Scan the lines below for the string "unfolding". Reply with how many match, and no other words.

------------------------------

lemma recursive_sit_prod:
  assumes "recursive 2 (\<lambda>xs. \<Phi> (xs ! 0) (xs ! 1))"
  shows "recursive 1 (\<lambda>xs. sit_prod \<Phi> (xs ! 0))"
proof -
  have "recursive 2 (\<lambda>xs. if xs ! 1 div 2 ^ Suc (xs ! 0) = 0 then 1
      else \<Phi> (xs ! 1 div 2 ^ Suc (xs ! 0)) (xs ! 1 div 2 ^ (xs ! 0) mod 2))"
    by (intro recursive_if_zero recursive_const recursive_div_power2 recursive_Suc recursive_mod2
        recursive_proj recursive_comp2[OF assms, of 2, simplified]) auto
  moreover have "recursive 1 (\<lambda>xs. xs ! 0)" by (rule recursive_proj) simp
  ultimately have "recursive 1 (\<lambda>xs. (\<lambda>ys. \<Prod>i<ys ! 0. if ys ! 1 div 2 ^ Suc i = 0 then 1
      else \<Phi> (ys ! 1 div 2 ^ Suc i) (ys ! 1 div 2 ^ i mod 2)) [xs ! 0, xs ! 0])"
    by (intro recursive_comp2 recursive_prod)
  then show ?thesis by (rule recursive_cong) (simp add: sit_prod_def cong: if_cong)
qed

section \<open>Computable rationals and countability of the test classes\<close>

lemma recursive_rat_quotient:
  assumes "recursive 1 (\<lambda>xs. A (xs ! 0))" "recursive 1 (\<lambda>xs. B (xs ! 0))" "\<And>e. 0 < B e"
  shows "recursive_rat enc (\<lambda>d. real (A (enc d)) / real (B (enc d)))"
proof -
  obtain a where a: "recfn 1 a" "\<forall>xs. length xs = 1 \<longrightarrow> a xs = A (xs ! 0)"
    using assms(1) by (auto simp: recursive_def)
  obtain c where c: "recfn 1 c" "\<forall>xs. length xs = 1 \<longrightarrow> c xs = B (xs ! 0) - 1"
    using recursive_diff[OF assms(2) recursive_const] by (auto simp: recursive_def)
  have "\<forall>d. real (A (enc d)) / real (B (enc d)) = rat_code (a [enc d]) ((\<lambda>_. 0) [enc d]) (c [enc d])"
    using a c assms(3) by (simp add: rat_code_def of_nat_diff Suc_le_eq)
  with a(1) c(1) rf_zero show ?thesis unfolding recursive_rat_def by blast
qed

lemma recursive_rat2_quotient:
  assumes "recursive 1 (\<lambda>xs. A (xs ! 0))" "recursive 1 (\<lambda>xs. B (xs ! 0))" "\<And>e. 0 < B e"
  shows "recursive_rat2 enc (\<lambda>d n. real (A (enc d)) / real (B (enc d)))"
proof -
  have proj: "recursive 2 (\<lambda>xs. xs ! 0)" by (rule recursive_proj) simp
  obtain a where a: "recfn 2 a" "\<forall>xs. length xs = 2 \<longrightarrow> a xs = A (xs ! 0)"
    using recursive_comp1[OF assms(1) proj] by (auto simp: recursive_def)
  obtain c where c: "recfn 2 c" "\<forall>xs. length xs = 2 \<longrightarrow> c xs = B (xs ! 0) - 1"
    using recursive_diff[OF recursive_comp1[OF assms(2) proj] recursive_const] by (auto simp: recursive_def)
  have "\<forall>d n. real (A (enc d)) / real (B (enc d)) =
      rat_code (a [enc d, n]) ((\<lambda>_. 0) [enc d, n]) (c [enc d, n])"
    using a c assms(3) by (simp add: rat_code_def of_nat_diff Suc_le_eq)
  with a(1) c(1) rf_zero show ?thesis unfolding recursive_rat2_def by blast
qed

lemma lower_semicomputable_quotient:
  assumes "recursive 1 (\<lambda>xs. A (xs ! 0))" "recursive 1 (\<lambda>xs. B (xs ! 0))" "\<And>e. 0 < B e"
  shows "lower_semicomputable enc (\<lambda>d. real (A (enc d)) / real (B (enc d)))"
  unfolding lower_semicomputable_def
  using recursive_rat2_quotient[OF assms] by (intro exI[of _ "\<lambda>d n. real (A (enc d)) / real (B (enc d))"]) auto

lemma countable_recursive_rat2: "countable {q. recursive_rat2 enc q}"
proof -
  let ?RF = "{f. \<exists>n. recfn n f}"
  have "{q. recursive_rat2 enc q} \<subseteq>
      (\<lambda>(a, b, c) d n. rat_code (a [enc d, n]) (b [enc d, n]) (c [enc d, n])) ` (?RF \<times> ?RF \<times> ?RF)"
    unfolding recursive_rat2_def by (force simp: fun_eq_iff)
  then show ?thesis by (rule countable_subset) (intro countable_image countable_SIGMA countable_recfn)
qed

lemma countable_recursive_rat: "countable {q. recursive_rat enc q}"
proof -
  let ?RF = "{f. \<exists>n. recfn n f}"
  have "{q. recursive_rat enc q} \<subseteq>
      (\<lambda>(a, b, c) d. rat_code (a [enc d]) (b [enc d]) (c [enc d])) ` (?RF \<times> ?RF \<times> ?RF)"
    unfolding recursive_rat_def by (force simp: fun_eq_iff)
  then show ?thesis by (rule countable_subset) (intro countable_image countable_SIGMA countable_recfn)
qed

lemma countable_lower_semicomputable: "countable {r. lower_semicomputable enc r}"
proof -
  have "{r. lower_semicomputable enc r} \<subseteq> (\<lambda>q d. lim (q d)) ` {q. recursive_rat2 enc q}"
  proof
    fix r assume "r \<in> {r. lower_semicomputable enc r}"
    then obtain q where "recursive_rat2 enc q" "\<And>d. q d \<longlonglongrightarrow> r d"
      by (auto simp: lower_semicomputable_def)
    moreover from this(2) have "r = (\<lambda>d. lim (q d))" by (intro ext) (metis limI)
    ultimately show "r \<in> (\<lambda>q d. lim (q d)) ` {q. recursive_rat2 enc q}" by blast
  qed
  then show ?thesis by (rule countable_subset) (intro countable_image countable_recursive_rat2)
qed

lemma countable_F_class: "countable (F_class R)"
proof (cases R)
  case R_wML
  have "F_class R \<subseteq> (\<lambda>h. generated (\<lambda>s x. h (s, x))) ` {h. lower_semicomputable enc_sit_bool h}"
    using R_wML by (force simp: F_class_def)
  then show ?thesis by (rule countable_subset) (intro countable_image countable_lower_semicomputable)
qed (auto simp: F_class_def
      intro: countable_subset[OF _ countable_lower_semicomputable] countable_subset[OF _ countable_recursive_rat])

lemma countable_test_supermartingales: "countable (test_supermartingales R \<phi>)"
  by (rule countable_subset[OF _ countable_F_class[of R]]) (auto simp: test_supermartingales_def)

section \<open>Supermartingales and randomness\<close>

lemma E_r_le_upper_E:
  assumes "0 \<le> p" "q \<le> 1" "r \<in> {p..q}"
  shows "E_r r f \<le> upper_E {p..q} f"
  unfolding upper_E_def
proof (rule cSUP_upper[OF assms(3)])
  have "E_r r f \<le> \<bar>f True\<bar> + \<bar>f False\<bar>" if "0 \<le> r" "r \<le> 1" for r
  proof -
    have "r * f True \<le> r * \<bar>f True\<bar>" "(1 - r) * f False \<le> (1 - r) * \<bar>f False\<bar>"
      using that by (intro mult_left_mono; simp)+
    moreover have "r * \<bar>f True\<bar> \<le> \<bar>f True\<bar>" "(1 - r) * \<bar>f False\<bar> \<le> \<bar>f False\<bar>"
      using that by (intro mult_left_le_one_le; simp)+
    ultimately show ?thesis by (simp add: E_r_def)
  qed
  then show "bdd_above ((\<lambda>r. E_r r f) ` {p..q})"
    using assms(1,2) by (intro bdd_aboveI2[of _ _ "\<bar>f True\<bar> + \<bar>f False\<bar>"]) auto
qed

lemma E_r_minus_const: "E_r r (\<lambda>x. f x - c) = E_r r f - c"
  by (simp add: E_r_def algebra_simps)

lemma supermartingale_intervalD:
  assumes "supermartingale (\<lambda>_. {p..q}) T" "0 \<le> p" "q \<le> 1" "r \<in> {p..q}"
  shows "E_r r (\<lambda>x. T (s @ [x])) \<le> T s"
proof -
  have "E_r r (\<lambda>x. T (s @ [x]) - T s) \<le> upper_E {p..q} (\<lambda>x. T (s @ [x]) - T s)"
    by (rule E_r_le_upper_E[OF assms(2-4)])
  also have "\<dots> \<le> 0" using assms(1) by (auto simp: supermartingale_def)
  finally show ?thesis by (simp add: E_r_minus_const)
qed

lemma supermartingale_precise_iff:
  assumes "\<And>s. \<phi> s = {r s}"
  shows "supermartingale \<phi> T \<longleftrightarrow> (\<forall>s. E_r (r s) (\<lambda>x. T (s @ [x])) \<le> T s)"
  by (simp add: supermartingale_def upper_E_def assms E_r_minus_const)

------------------------------

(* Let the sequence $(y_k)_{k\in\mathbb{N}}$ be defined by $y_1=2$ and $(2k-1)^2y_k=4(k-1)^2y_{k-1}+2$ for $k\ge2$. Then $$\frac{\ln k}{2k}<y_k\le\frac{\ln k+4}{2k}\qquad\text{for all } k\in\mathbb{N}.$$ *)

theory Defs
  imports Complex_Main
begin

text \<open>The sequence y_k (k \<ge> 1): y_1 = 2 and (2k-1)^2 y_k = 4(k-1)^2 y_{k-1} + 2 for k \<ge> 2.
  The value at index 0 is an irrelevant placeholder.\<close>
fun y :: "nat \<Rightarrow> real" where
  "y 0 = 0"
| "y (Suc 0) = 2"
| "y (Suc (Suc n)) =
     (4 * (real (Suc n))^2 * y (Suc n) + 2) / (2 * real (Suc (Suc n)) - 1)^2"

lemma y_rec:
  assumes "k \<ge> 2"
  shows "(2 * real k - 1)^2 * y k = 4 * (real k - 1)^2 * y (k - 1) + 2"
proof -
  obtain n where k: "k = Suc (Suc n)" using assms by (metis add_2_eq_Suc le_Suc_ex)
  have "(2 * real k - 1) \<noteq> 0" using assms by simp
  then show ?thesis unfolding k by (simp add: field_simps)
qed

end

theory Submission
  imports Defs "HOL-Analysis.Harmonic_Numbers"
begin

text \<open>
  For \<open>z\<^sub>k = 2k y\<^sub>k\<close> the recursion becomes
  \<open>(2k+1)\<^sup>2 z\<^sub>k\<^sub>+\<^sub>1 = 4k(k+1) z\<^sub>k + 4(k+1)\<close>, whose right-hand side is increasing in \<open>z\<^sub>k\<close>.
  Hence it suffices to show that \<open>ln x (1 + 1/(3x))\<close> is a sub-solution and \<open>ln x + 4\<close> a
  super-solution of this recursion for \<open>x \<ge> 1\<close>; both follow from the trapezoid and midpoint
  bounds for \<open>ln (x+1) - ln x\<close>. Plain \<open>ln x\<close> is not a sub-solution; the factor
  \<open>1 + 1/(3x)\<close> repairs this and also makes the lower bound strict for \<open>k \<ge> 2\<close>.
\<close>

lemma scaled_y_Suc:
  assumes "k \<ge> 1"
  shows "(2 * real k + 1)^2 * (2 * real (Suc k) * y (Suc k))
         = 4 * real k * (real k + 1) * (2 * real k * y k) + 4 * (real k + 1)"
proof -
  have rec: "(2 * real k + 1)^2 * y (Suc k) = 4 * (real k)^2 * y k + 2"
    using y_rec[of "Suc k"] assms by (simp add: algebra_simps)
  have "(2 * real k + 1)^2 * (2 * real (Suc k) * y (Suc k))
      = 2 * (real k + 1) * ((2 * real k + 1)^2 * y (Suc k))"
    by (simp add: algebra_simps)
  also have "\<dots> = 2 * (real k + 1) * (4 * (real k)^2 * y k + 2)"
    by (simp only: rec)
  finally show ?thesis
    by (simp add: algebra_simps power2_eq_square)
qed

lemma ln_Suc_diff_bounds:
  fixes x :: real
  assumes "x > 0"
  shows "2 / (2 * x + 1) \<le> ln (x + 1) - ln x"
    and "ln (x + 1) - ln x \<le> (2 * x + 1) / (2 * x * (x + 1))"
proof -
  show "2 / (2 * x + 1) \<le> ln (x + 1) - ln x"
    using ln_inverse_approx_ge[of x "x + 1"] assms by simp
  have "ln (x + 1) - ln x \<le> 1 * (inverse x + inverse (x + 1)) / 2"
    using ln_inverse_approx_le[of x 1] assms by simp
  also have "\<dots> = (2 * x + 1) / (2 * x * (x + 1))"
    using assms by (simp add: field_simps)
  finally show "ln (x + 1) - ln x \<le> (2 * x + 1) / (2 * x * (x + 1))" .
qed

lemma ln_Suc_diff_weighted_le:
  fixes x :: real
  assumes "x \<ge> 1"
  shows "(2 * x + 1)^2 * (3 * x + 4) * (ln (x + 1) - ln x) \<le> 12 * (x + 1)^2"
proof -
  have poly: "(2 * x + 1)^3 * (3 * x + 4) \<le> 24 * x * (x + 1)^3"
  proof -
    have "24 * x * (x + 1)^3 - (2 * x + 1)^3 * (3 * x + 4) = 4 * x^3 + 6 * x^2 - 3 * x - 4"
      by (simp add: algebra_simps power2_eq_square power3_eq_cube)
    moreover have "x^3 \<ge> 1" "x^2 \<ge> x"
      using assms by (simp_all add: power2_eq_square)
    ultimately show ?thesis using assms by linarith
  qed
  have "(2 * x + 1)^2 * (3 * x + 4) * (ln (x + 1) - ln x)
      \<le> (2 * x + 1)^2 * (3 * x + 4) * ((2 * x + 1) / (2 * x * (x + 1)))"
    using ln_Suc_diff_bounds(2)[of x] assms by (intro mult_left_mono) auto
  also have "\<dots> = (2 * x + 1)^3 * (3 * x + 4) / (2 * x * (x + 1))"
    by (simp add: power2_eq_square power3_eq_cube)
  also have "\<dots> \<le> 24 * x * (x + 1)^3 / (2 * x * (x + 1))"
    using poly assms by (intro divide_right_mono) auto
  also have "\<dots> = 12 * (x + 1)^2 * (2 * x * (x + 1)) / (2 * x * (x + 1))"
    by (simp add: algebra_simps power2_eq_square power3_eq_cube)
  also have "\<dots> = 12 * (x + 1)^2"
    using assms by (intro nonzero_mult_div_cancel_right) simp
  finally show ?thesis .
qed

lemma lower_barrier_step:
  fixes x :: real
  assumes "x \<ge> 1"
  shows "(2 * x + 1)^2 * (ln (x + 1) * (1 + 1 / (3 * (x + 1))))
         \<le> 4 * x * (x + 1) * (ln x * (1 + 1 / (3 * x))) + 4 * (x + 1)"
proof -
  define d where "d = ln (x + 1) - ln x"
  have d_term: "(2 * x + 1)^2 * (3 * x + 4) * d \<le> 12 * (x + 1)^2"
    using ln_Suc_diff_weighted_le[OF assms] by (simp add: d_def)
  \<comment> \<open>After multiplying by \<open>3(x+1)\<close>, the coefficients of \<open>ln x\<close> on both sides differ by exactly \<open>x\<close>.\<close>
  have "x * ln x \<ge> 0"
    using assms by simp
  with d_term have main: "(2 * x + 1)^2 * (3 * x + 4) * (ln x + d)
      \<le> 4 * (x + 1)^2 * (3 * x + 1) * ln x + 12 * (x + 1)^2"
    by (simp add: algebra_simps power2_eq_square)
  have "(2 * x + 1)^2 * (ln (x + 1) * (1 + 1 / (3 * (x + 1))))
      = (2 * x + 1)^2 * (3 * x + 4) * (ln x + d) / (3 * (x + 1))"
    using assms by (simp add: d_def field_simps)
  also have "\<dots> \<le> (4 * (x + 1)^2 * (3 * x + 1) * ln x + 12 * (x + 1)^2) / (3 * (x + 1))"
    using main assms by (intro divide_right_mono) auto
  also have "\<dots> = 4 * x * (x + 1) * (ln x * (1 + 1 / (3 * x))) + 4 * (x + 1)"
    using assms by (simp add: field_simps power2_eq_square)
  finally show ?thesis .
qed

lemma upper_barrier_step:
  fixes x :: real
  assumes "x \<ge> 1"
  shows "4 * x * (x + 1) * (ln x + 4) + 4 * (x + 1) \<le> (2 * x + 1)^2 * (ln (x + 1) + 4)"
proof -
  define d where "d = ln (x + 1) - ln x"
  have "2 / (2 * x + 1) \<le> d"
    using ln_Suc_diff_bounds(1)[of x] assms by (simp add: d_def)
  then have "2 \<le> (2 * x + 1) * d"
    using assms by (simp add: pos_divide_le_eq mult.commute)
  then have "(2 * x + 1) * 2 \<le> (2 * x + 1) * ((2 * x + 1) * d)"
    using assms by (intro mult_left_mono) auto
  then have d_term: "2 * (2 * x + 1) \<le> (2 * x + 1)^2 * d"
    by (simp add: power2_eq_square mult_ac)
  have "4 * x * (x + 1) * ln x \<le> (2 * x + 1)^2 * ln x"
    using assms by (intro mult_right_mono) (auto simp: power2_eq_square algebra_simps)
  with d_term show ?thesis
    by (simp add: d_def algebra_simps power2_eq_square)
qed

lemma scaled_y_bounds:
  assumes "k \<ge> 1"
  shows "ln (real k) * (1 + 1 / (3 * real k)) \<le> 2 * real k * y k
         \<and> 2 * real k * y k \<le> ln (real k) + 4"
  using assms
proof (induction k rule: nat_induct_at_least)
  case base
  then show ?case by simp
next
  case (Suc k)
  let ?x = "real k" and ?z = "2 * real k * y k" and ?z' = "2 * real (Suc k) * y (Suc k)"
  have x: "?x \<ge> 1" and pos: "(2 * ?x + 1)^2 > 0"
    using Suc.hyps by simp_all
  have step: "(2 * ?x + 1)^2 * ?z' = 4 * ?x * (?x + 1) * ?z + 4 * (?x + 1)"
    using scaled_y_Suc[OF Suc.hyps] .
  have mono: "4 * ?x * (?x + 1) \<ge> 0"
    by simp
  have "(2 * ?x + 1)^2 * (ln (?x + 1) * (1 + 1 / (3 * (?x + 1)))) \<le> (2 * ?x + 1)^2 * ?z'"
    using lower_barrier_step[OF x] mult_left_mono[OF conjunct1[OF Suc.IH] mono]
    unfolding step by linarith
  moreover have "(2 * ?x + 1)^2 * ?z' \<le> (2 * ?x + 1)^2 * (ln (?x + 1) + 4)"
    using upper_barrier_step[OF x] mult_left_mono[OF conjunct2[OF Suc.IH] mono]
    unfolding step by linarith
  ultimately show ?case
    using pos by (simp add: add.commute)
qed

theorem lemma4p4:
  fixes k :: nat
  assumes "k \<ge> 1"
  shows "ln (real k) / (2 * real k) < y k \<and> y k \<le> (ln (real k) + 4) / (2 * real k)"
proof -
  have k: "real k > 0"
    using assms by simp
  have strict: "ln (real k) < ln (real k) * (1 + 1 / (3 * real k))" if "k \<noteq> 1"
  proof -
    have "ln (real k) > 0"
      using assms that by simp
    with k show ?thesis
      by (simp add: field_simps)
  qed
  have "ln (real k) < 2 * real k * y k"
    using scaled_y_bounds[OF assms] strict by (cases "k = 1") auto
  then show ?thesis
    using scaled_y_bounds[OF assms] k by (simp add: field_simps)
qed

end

------------------------------

→ Task answer
9